## Prompt
Among the entries below, find the lines that contain the string "times". State only how many there are.

(Saved data entries)

*** Block opens ***

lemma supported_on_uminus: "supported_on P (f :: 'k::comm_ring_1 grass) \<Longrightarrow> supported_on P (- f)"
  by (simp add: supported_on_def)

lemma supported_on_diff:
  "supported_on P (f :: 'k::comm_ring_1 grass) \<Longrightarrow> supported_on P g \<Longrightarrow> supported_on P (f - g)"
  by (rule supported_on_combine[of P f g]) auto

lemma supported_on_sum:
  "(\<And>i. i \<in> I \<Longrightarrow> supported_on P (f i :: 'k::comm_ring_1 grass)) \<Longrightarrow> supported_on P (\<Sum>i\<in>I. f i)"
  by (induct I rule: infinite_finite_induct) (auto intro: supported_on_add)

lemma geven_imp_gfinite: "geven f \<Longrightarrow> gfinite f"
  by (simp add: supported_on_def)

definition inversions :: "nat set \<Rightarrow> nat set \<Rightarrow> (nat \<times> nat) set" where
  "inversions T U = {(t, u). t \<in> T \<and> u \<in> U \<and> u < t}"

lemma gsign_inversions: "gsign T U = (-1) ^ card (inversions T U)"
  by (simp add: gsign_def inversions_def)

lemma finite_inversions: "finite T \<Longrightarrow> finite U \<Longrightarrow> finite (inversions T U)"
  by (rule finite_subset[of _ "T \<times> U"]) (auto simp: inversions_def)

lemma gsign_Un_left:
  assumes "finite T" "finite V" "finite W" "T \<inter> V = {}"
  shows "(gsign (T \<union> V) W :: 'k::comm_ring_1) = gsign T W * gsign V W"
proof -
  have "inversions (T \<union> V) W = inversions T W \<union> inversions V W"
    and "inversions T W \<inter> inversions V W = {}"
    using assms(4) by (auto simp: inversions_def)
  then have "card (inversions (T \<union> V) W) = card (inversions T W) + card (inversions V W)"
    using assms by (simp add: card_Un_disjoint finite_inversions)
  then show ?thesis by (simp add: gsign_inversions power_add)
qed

*** Block closes ***

## Exercise solution
2